What’s the best way to manage streaming and skipping? This needs consideration for several parts: the chunking process, the compression process, the encryption process.
This question can be answered by closely inspecting the self_encryption algorithm but I was hoping for someone who already knows to simply say yes or no. But keep in mind the ability to read from mid-stream may be a factor for any future changes so it’s worth being aware of this stream-ability property even if there’s a simple answer for today, we probably want to continue considering it with future changes.
Brotli has multithreaded compression as of v3 “so multiple threads can operate in unison on a single file”.
I couldn’t find an example so haven’t tested it but maybe this is something to consider in the future? Especially if it increases the viability of higher compression ratios?
Fundamentals #19 says
Only ever use encrypted services and encrypted traffic
Services or traffic must be encrypted if they are to be used by the Safe Network.
Since self_encryption is optional (clients can upload plain blobs) should we consider adding chunk encryption at the node level?
I assume nodes can’t enforce self_encryption. Is this a fair assumption?
I also assume we can’t force nodes to encrypt data, they can run a node that stores whatever is given to them directly.
We can assume that traffic is encrypted since a node that tries to send unencrypted traffic would be booted, it’s not possible.
Maybe to achieve this goal we could have every chunk self_encrypted by the nodes? Not sure really about this but I wonder how far we take this point, is it only for traffic or is it also for data at rest?

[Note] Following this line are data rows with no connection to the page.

(* Let $F$ be a non-abelian free group. For every integer $m\ge 5$ there exist subgroups $H,K\le F$ with $\operatorname{rk}(H)=\operatorname{rk}(K)=m$ and $\operatorname{rk}(H\cap K)\ge m$ but $\operatorname{rk}(H\vee K)>m$. In other words, Guzman's Group-Theoretic Conjecture fails for every $m\ge 5$.
   Context: $H\vee K$ denotes the subgroup generated by $H$ and $K$. Guzman's Group-Theoretic Conjecture for a given $m\ge2$ asserts: if two subgroups $H,K$ of a free group both have rank $m$ and $\operatorname{rk}(H\cap K)\ge m$, then $\operatorname{rk}(H\vee K)\le m$. *)

theory Defs
  imports "HOL-Algebra.Algebra" "HOL-Library.Extended_Nat"
begin

definition letter_val :: "('a, 'b) monoid_scheme \<Rightarrow> 'a \<times> bool \<Rightarrow> 'a" where
  "letter_val G l = (if snd l then fst l else inv\<^bsub>G\<^esub> (fst l))"

definition word_val :: "('a, 'b) monoid_scheme \<Rightarrow> ('a \<times> bool) list \<Rightarrow> 'a" where
  "word_val G w = foldr (\<lambda>l acc. letter_val G l \<otimes>\<^bsub>G\<^esub> acc) w \<one>\<^bsub>G\<^esub>"

definition reduced_word :: "('a \<times> bool) list \<Rightarrow> bool" where
  "reduced_word w = (\<forall>i. Suc i < length w \<longrightarrow>
      \<not> (fst (w ! i) = fst (w ! Suc i) \<and> snd (w ! i) \<noteq> snd (w ! Suc i)))"

definition free_basis :: "('a, 'b) monoid_scheme \<Rightarrow> 'a set \<Rightarrow> bool" where
  "free_basis G B = (B \<subseteq> carrier G \<and> generate G B = carrier G \<and>
     (\<forall>w. 0 < length w \<and> set (map fst w) \<subseteq> B \<and> reduced_word w \<longrightarrow> word_val G w \<noteq> one G))"

definition free_group :: "('a, 'b) monoid_scheme \<Rightarrow> bool" where
  "free_group G = (group G \<and> (\<exists>B. free_basis G B))"

definition grank :: "('a, 'b) monoid_scheme \<Rightarrow> 'a set \<Rightarrow> enat" where
  "grank G H = (INF S \<in> {S. S \<subseteq> H \<and> generate G S = H}.
                  (if finite S then enat (card S) else \<infinity>))"

end

(* Ranks are bounded below with Z/2-voltages. Let a subgroup J of F fix a vertex v of a covering
   graph of the bouquet of two circles whose edges carry labels in an elementary abelian 2-group
   (Z/2)^L. Summing labels along closed paths at v is a homomorphism J -> (Z/2)^L; a generating
   set of size k spans at most 2^k vectors, so if the image contains r independent vectors, then
   rk J >= r.

   With n = m - 5 and z_j = b a^j b a^-j b^-1 take H = <h_1, ..., h_5, z_1, ..., z_n> and
   K = <k_1, ..., k_5, z_1, ..., z_n> for explicit words h_i, k_i in a and b. One cover for each
   subgroup gives rk H = rk K = m; on the product of these two covers, five explicit elements of
   the intersection together with the z_j give rk (H meet K) >= m; a third cover, whose vertex
   stabilizer contains both H and K, gives rk (H join K) >= m + 1. *)

theory Submission
  imports Defs
begin

section \<open>Words\<close>

lemma word_val_Nil [simp]: "word_val G [] = \<one>\<^bsub>G\<^esub>"
  by (simp add: word_val_def)

lemma word_val_Cons [simp]: "word_val G (l # w) = letter_val G l \<otimes>\<^bsub>G\<^esub> word_val G w"
  by (simp add: word_val_def)

lemma fst_image_apfst [simp]: "fst ` apfst f ` A = f ` fst ` A"
  by force

definition inv_word :: "('a \<times> bool) list \<Rightarrow> ('a \<times> bool) list" where
  "inv_word w = rev (map (apsnd Not) w)"

lemma fst_set_inv_word [simp]: "fst ` set (inv_word w) = fst ` set w"
  by (force simp: inv_word_def)

definition subst_word :: "('j \<Rightarrow> ('a \<times> bool) list) \<Rightarrow> ('j \<times> bool) list \<Rightarrow> ('a \<times> bool) list" where
  "subst_word u e = concat (map (\<lambda>(j, t). if t then u j else inv_word (u j)) e)"

lemma fst_set_subst_word:
  assumes "\<And>j. fst ` set (u j) \<subseteq> S"
  shows "fst ` set (subst_word u e) \<subseteq> S"
proof (induction e)
  case (Cons l e)
  have "fst ` set (if snd l then u (fst l) else inv_word (u (fst l))) \<subseteq> S"
    using assms by simp
  with Cons show ?case
    by (simp add: subst_word_def split_beta image_Un del: image_subset_iff)
qed (simp add: subst_word_def)

context group
begin

lemma letter_val_closed: "fst l \<in> carrier G \<Longrightarrow> letter_val G l \<in> carrier G"
  by (simp add: letter_val_def)

lemma word_val_closed: "fst ` set w \<subseteq> carrier G \<Longrightarrow> word_val G w \<in> carrier G"
  by (induction w) (auto simp: letter_val_closed)

lemma word_val_append:
  "fst ` set u \<subseteq> carrier G \<Longrightarrow> fst ` set w \<subseteq> carrier G \<Longrightarrow>
   word_val G (u @ w) = word_val G u \<otimes> word_val G w"
  by (induction u) (auto simp: letter_val_closed word_val_closed m_assoc)

lemma word_val_inv_word:
  assumes "fst ` set w \<subseteq> carrier G"
  shows "word_val G (inv_word w) = inv (word_val G w)"
  using assms
proof (induction w)
  case (Cons l w)
  have "letter_val G (apsnd Not l) = inv (letter_val G l)"
    using Cons.prems by (auto simp: letter_val_def)
  moreover have "fst ` set (inv_word w) \<subseteq> carrier G"
    using Cons.prems by (auto simp: inv_word_def)
  ultimately show ?case
    using Cons
    by (simp add: inv_word_def word_val_append letter_val_closed word_val_closed inv_mult_group)
qed (simp add: inv_word_def)

lemma word_val_in_generate:
  assumes "S \<subseteq> carrier G" "fst ` set w \<subseteq> S"
  shows "word_val G w \<in> generate G S"
  using assms(2)
proof (induction w)
  case (Cons l w)
  then have "letter_val G l \<in> generate G S"
    by (auto simp: letter_val_def intro: generate.incl generate.inv)
  with Cons show ?case by (simp add: generate.eng)
qed (simp add: generate.one)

The original motive for this question was if someone uploads a plain 900K blob of a gore image (not self_encrypted, in a single chunk), and that image happens to land in my node, and I happen to open the chunks directory in my file explorer, and my file explorer happens to automatically render thumbnails, I will see gore that I don’t want to see. This is a kind of symbolic-test-case that covers many other situations (law enforcement, malware etc) and I feel it leads to fundamental #19 failing. Just looking for opinions, maybe I’m being too fundamentalist here
But also I’m trying to acknowledge the limitations of self_encryption so we aren’t talking around different conceptual boundaries.